▶ [Exercise]: Would you return the lines between the one holding "challenge_round good \<kappa> \<epsilon> (pr (Suc" and the one holding "good) - card", inclusive, and only those, exactly as they stand in the listing below?
•••
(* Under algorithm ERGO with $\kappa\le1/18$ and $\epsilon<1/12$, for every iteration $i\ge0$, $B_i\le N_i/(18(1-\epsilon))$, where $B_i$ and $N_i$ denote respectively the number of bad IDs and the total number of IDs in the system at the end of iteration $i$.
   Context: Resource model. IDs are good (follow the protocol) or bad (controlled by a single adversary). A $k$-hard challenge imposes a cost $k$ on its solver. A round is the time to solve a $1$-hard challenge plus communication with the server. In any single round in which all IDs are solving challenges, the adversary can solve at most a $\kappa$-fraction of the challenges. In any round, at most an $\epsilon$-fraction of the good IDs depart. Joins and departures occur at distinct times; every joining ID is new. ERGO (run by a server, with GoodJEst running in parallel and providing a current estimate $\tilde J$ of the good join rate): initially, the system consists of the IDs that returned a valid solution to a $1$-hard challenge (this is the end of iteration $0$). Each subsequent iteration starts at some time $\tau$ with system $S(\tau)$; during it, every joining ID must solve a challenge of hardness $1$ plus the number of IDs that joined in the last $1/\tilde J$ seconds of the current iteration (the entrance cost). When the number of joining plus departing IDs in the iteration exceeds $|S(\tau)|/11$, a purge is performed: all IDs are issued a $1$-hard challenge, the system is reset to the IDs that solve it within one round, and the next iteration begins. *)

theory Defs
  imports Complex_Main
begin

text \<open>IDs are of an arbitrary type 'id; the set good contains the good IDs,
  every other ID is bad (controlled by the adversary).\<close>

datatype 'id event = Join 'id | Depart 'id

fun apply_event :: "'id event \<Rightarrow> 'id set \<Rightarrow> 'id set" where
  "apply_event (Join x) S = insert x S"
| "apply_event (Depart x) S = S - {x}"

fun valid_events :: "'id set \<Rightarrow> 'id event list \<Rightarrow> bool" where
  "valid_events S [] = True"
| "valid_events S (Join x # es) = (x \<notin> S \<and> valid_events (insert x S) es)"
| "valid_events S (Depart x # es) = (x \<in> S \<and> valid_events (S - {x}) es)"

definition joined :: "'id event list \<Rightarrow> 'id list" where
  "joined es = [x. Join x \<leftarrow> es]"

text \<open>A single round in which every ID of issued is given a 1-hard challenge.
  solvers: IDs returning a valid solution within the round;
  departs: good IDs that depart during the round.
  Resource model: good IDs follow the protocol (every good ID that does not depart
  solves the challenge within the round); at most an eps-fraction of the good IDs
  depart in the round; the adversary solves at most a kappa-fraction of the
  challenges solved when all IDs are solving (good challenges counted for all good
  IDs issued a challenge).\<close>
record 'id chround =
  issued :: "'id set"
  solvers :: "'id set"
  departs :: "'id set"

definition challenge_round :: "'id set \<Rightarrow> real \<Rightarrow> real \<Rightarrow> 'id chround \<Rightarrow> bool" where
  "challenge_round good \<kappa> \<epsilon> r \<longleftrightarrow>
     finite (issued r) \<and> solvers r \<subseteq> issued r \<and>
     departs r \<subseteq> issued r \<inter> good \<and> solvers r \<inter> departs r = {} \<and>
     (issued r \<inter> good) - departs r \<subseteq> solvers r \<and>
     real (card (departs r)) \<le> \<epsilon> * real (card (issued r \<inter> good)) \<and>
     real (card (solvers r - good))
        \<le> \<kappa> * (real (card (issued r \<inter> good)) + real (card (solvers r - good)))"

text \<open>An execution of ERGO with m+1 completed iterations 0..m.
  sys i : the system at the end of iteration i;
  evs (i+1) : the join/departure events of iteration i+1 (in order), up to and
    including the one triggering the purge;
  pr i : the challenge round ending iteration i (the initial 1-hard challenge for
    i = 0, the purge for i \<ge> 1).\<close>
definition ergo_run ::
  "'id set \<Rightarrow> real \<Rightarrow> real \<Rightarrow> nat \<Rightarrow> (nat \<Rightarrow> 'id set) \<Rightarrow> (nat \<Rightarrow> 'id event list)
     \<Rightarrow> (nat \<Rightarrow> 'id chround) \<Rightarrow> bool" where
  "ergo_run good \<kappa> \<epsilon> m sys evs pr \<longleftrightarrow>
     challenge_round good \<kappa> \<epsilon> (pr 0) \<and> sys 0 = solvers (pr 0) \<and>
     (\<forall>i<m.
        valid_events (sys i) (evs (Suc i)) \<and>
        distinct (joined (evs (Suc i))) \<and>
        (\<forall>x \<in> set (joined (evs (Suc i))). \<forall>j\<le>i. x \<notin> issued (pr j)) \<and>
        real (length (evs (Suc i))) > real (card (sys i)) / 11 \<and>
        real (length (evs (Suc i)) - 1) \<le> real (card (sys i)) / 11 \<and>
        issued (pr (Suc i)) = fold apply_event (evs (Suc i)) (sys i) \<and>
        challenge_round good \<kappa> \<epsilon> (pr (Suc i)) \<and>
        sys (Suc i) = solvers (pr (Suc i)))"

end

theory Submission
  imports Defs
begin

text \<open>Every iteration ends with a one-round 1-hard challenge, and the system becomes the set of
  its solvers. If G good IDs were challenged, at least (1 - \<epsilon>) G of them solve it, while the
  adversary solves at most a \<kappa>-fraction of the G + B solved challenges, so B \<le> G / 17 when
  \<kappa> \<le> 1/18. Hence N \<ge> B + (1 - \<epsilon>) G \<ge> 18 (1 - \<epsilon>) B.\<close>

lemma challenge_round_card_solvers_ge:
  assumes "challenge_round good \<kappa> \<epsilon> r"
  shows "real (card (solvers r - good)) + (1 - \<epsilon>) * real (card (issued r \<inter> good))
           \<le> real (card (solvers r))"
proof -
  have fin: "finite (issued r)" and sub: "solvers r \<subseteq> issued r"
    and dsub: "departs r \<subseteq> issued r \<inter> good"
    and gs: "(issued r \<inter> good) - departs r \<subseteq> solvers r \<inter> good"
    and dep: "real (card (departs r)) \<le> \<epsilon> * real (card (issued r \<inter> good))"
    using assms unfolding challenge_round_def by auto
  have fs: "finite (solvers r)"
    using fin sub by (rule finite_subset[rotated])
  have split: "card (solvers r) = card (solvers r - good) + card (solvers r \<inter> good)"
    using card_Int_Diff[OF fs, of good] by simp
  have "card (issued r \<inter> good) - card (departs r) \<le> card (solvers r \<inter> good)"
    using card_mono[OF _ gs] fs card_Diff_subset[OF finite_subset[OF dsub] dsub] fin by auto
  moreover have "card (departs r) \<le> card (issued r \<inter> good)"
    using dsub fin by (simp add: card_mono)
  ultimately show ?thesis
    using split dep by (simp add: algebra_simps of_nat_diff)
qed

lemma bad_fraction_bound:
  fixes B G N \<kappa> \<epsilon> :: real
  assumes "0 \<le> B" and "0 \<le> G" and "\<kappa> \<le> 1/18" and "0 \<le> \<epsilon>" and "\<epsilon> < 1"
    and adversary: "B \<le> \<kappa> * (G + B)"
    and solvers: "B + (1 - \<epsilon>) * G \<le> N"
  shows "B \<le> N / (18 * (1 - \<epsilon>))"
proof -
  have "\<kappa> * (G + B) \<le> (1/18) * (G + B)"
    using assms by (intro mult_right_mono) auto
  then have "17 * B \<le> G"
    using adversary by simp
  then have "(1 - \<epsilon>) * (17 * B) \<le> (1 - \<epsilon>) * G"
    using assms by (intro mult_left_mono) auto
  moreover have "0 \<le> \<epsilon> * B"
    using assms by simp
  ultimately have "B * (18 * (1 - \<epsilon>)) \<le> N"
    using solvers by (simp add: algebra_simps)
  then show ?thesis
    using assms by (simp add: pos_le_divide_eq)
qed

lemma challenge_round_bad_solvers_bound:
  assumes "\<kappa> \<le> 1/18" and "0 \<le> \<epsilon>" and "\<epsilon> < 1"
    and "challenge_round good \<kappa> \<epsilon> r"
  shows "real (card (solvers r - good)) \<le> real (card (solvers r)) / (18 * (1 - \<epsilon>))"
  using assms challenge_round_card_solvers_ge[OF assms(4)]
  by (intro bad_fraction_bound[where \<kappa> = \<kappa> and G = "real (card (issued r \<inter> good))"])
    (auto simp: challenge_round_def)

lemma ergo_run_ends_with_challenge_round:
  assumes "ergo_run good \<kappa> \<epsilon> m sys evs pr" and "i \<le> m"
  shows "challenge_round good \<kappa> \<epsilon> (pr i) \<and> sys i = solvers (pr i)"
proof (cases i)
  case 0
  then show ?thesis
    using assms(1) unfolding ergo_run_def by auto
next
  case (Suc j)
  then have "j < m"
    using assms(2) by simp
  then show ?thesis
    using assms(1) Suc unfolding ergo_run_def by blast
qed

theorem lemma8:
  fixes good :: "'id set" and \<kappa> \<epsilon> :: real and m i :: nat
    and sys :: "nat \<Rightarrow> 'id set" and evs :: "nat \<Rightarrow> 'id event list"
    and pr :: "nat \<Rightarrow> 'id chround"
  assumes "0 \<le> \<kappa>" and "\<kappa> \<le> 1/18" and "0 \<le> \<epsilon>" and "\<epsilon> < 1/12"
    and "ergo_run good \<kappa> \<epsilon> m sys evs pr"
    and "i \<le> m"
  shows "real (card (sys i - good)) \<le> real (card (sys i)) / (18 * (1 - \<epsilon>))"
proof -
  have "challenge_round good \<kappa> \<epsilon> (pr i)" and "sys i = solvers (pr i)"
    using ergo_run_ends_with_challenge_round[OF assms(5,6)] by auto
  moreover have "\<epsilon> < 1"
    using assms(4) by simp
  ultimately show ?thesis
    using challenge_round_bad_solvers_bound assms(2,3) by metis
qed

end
•••
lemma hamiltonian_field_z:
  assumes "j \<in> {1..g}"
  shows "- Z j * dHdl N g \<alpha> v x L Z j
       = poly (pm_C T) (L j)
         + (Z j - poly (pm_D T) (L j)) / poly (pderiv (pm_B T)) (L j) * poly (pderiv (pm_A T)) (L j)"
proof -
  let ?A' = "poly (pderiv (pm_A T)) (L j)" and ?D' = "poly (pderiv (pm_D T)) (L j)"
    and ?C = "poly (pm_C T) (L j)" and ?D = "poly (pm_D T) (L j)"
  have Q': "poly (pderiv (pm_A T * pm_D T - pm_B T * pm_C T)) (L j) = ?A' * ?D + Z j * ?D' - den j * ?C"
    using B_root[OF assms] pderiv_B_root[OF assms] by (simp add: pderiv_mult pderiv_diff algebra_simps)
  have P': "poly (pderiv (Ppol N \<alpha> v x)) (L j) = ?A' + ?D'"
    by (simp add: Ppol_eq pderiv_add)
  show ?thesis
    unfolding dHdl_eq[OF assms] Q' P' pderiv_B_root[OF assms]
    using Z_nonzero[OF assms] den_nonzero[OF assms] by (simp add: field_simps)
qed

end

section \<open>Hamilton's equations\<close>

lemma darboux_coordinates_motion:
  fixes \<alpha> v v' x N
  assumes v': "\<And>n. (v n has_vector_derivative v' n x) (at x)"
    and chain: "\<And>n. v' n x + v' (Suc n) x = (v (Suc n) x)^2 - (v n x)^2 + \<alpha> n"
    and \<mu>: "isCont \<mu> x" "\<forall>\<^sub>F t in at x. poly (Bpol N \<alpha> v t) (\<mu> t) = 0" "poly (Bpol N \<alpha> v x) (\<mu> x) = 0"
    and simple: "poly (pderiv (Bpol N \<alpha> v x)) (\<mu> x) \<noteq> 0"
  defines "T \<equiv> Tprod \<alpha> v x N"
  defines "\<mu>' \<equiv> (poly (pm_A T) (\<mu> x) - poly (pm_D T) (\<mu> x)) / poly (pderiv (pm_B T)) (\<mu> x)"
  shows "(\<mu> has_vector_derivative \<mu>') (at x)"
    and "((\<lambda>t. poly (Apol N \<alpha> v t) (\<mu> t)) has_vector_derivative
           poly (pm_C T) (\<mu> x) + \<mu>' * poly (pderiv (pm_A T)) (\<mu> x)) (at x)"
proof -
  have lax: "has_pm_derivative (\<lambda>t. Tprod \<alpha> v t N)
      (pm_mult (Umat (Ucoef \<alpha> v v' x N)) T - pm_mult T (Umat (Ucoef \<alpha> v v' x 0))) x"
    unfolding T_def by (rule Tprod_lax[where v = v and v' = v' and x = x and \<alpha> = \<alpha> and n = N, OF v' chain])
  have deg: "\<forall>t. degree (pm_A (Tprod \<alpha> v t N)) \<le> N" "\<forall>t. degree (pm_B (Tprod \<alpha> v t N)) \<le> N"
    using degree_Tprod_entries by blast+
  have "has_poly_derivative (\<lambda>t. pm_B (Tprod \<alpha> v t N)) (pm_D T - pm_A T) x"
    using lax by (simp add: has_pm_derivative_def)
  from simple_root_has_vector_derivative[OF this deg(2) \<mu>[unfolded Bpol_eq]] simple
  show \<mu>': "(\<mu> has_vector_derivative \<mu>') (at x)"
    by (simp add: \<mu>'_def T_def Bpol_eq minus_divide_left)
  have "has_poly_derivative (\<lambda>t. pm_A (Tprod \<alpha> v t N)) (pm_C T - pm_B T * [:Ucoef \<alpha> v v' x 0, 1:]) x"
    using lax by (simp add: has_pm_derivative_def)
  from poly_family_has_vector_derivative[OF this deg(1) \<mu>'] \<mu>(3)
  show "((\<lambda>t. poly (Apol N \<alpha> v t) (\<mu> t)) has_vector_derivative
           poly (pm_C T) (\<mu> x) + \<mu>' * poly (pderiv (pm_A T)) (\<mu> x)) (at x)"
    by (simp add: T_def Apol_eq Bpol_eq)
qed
•••
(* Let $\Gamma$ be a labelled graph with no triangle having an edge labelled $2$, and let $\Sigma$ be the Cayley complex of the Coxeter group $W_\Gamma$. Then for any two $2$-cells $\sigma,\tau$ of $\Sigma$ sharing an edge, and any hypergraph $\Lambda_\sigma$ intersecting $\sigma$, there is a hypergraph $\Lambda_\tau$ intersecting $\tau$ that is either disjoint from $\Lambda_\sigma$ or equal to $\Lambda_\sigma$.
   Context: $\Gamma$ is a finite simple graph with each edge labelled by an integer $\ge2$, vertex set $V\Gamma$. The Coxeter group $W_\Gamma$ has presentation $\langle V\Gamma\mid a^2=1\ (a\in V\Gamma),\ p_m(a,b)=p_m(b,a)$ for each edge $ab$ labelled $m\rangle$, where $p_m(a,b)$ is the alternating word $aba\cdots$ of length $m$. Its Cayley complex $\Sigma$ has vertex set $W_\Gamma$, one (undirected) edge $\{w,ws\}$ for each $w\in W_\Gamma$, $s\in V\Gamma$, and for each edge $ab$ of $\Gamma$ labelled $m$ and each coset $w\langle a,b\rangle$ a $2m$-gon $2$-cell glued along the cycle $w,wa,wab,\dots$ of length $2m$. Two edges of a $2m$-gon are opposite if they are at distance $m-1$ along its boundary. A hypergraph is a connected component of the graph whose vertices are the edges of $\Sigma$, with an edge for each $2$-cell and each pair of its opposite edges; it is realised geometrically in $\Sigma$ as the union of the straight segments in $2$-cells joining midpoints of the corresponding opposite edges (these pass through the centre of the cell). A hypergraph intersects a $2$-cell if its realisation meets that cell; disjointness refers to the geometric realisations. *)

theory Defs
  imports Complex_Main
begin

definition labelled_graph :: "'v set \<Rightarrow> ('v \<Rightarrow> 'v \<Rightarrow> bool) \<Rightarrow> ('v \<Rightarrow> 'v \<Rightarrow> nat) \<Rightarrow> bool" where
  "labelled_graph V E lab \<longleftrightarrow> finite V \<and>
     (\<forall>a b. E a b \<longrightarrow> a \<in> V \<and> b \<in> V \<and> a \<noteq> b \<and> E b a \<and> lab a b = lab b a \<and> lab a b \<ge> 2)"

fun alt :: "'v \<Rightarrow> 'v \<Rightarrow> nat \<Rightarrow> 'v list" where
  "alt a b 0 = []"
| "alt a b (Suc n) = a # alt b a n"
•••
▶ [Task answer]:
        challenge_round good \<kappa> \<epsilon> (pr (Suc i)) \<and>
        sys (Suc i) = solvers (pr (Suc i)))"

end

theory Submission
  imports Defs
begin

text \<open>Every iteration ends with a one-round 1-hard challenge, and the system becomes the set of
  its solvers. If G good IDs were challenged, at least (1 - \<epsilon>) G of them solve it, while the
  adversary solves at most a \<kappa>-fraction of the G + B solved challenges, so B \<le> G / 17 when
  \<kappa> \<le> 1/18. Hence N \<ge> B + (1 - \<epsilon>) G \<ge> 18 (1 - \<epsilon>) B.\<close>

lemma challenge_round_card_solvers_ge:
  assumes "challenge_round good \<kappa> \<epsilon> r"
  shows "real (card (solvers r - good)) + (1 - \<epsilon>) * real (card (issued r \<inter> good))
           \<le> real (card (solvers r))"
proof -
  have fin: "finite (issued r)" and sub: "solvers r \<subseteq> issued r"
    and dsub: "departs r \<subseteq> issued r \<inter> good"
    and gs: "(issued r \<inter> good) - departs r \<subseteq> solvers r \<inter> good"
    and dep: "real (card (departs r)) \<le> \<epsilon> * real (card (issued r \<inter> good))"
    using assms unfolding challenge_round_def by auto
  have fs: "finite (solvers r)"
    using fin sub by (rule finite_subset[rotated])
  have split: "card (solvers r) = card (solvers r - good) + card (solvers r \<inter> good)"
    using card_Int_Diff[OF fs, of good] by simp
  have "card (issued r \<inter> good) - card (departs r) \<le> card (solvers r \<inter> good)"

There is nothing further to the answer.